Kubernetes Deployment
Enterprise-grade orchestration for distributed agent systems
Kubernetes Deployment
Deploy stateless control plane and independent agent nodes at enterprise scale
Agentfield's architecture is Kubernetes-native: Stateless control plane services scale horizontally. Agent nodes deploy independently. All state lives in PostgreSQL. No complex service mesh required—the control plane handles routing.
This guide provides production-ready Kubernetes manifests for deploying Agentfield at enterprise scale.
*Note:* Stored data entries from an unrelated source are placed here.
(* Let $N\ge1$, let $\phi:H_0(S_N)\to M_N$ be the quotient morphism sending $\pi_i\mapsto\pi_i$, where $M_N$ is the quotient of $H_0(S_N)$ by the relations $\pi_i\pi_{i+1}\pi_i=\pi_i\pi_{i+1}$ ($1\le i\le N-2$), and let $\Psi$ be the automorphism of $H_0(S_N)$ with $\Psi(\pi_i)=\pi_{N-i}$. For every $m\in M_N$ let $G_m=\{w\in S_N: \phi(\Psi(\pi_w))=m\}$. Every nonempty $G_m$ contains a unique $[321]$-avoiding permutation, which is of minimal length in $G_m$, and a unique $[312]$-avoiding permutation, which is of maximal length in $G_m$.
   Context: $S_N$ is generated by simple transpositions $s_1,\dots,s_{N-1}$; permutations are in one-line notation and composed as functions, $(uv)(j)=u(v(j))$, so $xs_i$ swaps the entries in positions $i,i+1$. $\operatorname{len}$ is Coxeter length (number of inversions). $H_0(S_N)$ is generated by $\pi_1,\dots,\pi_{N-1}$ with relations $\pi_i^2=\pi_i$, $\pi_i\pi_j=\pi_j\pi_i$ for $|i-j|\ge2$, $\pi_i\pi_{i+1}\pi_i=\pi_{i+1}\pi_i\pi_{i+1}$; $\pi_w:=\pi_{i_1}\cdots\pi_{i_k}$ for any reduced word $w=s_{i_1}\cdots s_{i_k}$, giving a bijection $S_N\to H_0(S_N)$. A permutation contains a pattern $\sigma\in S_k$ if some subsequence of its one-line notation is in the same relative order as $\sigma$; otherwise it avoids $\sigma$. *)

theory Defs
  imports "HOL-Combinatorics.Permutations"
begin

text \<open>Permutations of S_N are functions w with w permutes {1..N}; one-line notation is
  w 1, ..., w N. Words in the generators are lists of indices i (standing for s_i / pi_i).\<close>

definition s_gen :: "nat \<Rightarrow> nat \<Rightarrow> nat" where
  "s_gen i = Transposition.transpose i (Suc i)"

definition word_prod :: "nat list \<Rightarrow> nat \<Rightarrow> nat" where
  "word_prod ws = foldr (\<lambda>i p. s_gen i \<circ> p) ws id"

definition len :: "nat \<Rightarrow> (nat \<Rightarrow> nat) \<Rightarrow> nat" where
  "len N w = card {(i, j). 1 \<le> i \<and> i < j \<and> j \<le> N \<and> w i > w j}"

definition reduced_word :: "nat \<Rightarrow> (nat \<Rightarrow> nat) \<Rightarrow> nat list \<Rightarrow> bool" where
  "reduced_word N w ws \<longleftrightarrow> set ws \<subseteq> {1..N-1} \<and> word_prod ws = w \<and> length ws = len N w"

text \<open>The congruence on words (free monoid on pi_1..pi_{N-1}) generated by the
  0-Hecke relations together with the extra relations pi_i pi_{i+1} pi_i = pi_i pi_{i+1};
  the quotient of the free monoid by it is M_N.\<close>
inductive mcong :: "nat \<Rightarrow> nat list \<Rightarrow> nat list \<Rightarrow> bool" for N where
  idem: "1 \<le> i \<Longrightarrow> i \<le> N - 1 \<Longrightarrow> mcong N [i, i] [i]"
| comm: "1 \<le> i \<Longrightarrow> i \<le> N - 1 \<Longrightarrow> 1 \<le> j \<Longrightarrow> j \<le> N - 1 \<Longrightarrow> i + 2 \<le> j
          \<Longrightarrow> mcong N [i, j] [j, i]"
| braid: "1 \<le> i \<Longrightarrow> i + 1 \<le> N - 1 \<Longrightarrow> mcong N [i, Suc i, i] [Suc i, i, Suc i]"
| extra: "1 \<le> i \<Longrightarrow> i \<le> N - 2 \<Longrightarrow> mcong N [i, Suc i, i] [i, Suc i]"
| refl: "mcong N a a"
| sym: "mcong N a b \<Longrightarrow> mcong N b a"
| trans: "mcong N a b \<Longrightarrow> mcong N b c \<Longrightarrow> mcong N a c"
| ctxt: "mcong N a b \<Longrightarrow> mcong N (u @ a @ v) (u @ b @ v)"

definition Psi_word :: "nat \<Rightarrow> nat list \<Rightarrow> nat list" where
  "Psi_word N ws = map (\<lambda>i. N - i) ws"

text \<open>phi(Psi(pi_w)) as an element of M_N, i.e. a congruence class of words.\<close>
definition phiPsi :: "nat \<Rightarrow> (nat \<Rightarrow> nat) \<Rightarrow> nat list set" where
  "phiPsi N w = {b. \<exists>a. reduced_word N w a \<and> mcong N (Psi_word N a) b}"

definition G :: "nat \<Rightarrow> nat list set \<Rightarrow> (nat \<Rightarrow> nat) set" where
  "G N m = {w. w permutes {1..N} \<and> phiPsi N w = m}"

definition contains_pattern :: "nat \<Rightarrow> (nat \<Rightarrow> nat) \<Rightarrow> nat list \<Rightarrow> bool" where
  "contains_pattern N w pat \<longleftrightarrow> (\<exists>idx. length idx = length pat \<and> sorted_wrt (<) idx \<and>
      set idx \<subseteq> {1..N} \<and>
      (\<forall>a < length pat. \<forall>b < length pat. w (idx ! a) < w (idx ! b) \<longleftrightarrow> pat ! a < pat ! b))"

definition avoids :: "nat \<Rightarrow> (nat \<Rightarrow> nat) \<Rightarrow> nat list \<Rightarrow> bool" where
  "avoids N w pat \<longleftrightarrow> \<not> contains_pattern N w pat"

end

(*
  Let the generator pi_k act on the positive integers by bump k, which sends k to k + 1 and
  fixes every other number. These maps satisfy the 0-Hecke relations and, read through Psi, the
  extra relations of M_N, so the composite bump map of a word only depends on its image under
  phi o Psi. For a reduced word of w it is the prefix maximum function
  x |-> max (w 1, ..., w x). Conversely, every word is congruent to a normal form that only
  depends on its bump map, so the nonempty classes G_m are exactly the fibres of
  w |-> (prefix maxima of w).

  If two permutations u, v in a fibre first differ at position x, say u x < v x, then v x is not
  a prefix maximum of v; this yields a 321 pattern in v and a 312 pattern in u. So a fibre has at
  most one 321-avoiding and at most one 312-avoiding element. On the other hand, a 321 (resp. 312)
  pattern lets one swap two suitably close entries lying below an earlier larger entry: this keeps
  all prefix maxima and decreases (resp. increases) the length by one. Hence the shortest element
  of a fibre avoids 321 and the longest one avoids 312.
*)

theory Submission
  imports Defs
begin

section \<open>Bump maps\<close>

definition bump :: "nat \<Rightarrow> nat \<Rightarrow> nat" where
  "bump k x = (if x = k then Suc k else x)"

definition bump_word :: "nat list \<Rightarrow> nat \<Rightarrow> nat" where
  "bump_word ws = foldr (\<lambda>k g. bump k \<circ> g) ws id"

lemma bump_word_Nil [simp]: "bump_word [] = id"
  by (simp add: bump_word_def)

lemma bump_word_Cons [simp]: "bump_word (k # ws) = bump k \<circ> bump_word ws"
  by (simp add: bump_word_def)

lemma bump_word_append [simp]: "bump_word (xs @ ys) = bump_word xs \<circ> bump_word ys"
  by (induction xs) auto

lemma bump_idem: "bump k \<circ> bump k = bump k"
  by (auto simp: bump_def fun_eq_iff)

lemma bump_commute: "a \<noteq> Suc b \<Longrightarrow> b \<noteq> Suc a \<Longrightarrow> bump a \<circ> bump b = bump b \<circ> bump a"
  by (auto simp: bump_def fun_eq_iff)

lemma bump_braid: "bump (Suc k) \<circ> bump k \<circ> bump (Suc k) = bump k \<circ> bump (Suc k) \<circ> bump k"
  by (auto simp: bump_def fun_eq_iff)

lemma bump_extra: "bump (Suc k) \<circ> bump k \<circ> bump (Suc k) = bump (Suc k) \<circ> bump k"
  by (auto simp: bump_def fun_eq_iff)

lemma mcong_bump_word:
  assumes "mcong N a b"
  shows "bump_word (Psi_word N a) = bump_word (Psi_word N b)"
  using assms
proof (induction rule: mcong.induct)
  case (comm i j)
  then show ?case by (simp add: Psi_word_def bump_commute)
next
  case (braid i)
  then have "N - i = Suc (N - Suc i)" by simp
  then show ?case using bump_braid[of "N - Suc i"] by (simp add: Psi_word_def o_assoc)
next
  case (extra i)
  then have "N - i = Suc (N - Suc i)" by simp
  then show ?case using bump_extra[of "N - Suc i"] by (simp add: Psi_word_def o_assoc)
qed (auto simp: Psi_word_def bump_idem)

lemma Psi_word_Psi_word: "set a \<subseteq> {..N} \<Longrightarrow> Psi_word N (Psi_word N a) = a"
  by (induction a) (auto simp: Psi_word_def)

definition psi_cong :: "nat \<Rightarrow> nat list \<Rightarrow> nat list \<Rightarrow> bool" where
  "psi_cong N a b \<longleftrightarrow> mcong N (Psi_word N a) (Psi_word N b)"

lemma psi_cong_refl [simp]: "psi_cong N a a"
  by (simp add: psi_cong_def mcong.refl)

lemma psi_cong_sym: "psi_cong N a b \<Longrightarrow> psi_cong N b a"
  by (simp add: psi_cong_def mcong.sym)

lemma psi_cong_trans [trans]: "psi_cong N a b \<Longrightarrow> psi_cong N b c \<Longrightarrow> psi_cong N a c"
  unfolding psi_cong_def by (rule mcong.trans)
Architecture on Kubernetes
┌─────────────────────────────────────────────────────┐
│ Ingress Controller (nginx, traefik) │
│ TLS termination + routing │
└────────────────┬────────────────────────────────────┘
│
┌───────┴───────┐
▼ ▼
┌──────────────┐ ┌──────────────┐ ┌──────────────┐
│ Control │ │ Control │ │ Control │
│ Plane Pod #1 │ │ Plane Pod #2 │ │ Plane Pod #3 │
│ (Stateless) │ │ (Stateless) │ │ (Stateless) │
└──────────────┘ └──────────────┘ └──────────────┘
│ │ │
└───────┬───────┴───────┬───────┘
▼ ▼
┌──────────────┐ ┌──────────────┐
│ PostgreSQL │ │ Agent Pods │
│ (StatefulSet │ │ (Deployments)│
│ or managed) │ │ • support │
└──────────────┘ │ • analytics │
│ • email │
└──────────────┘Key principles:
- Control plane: Deployment (stateless, horizontally scalable)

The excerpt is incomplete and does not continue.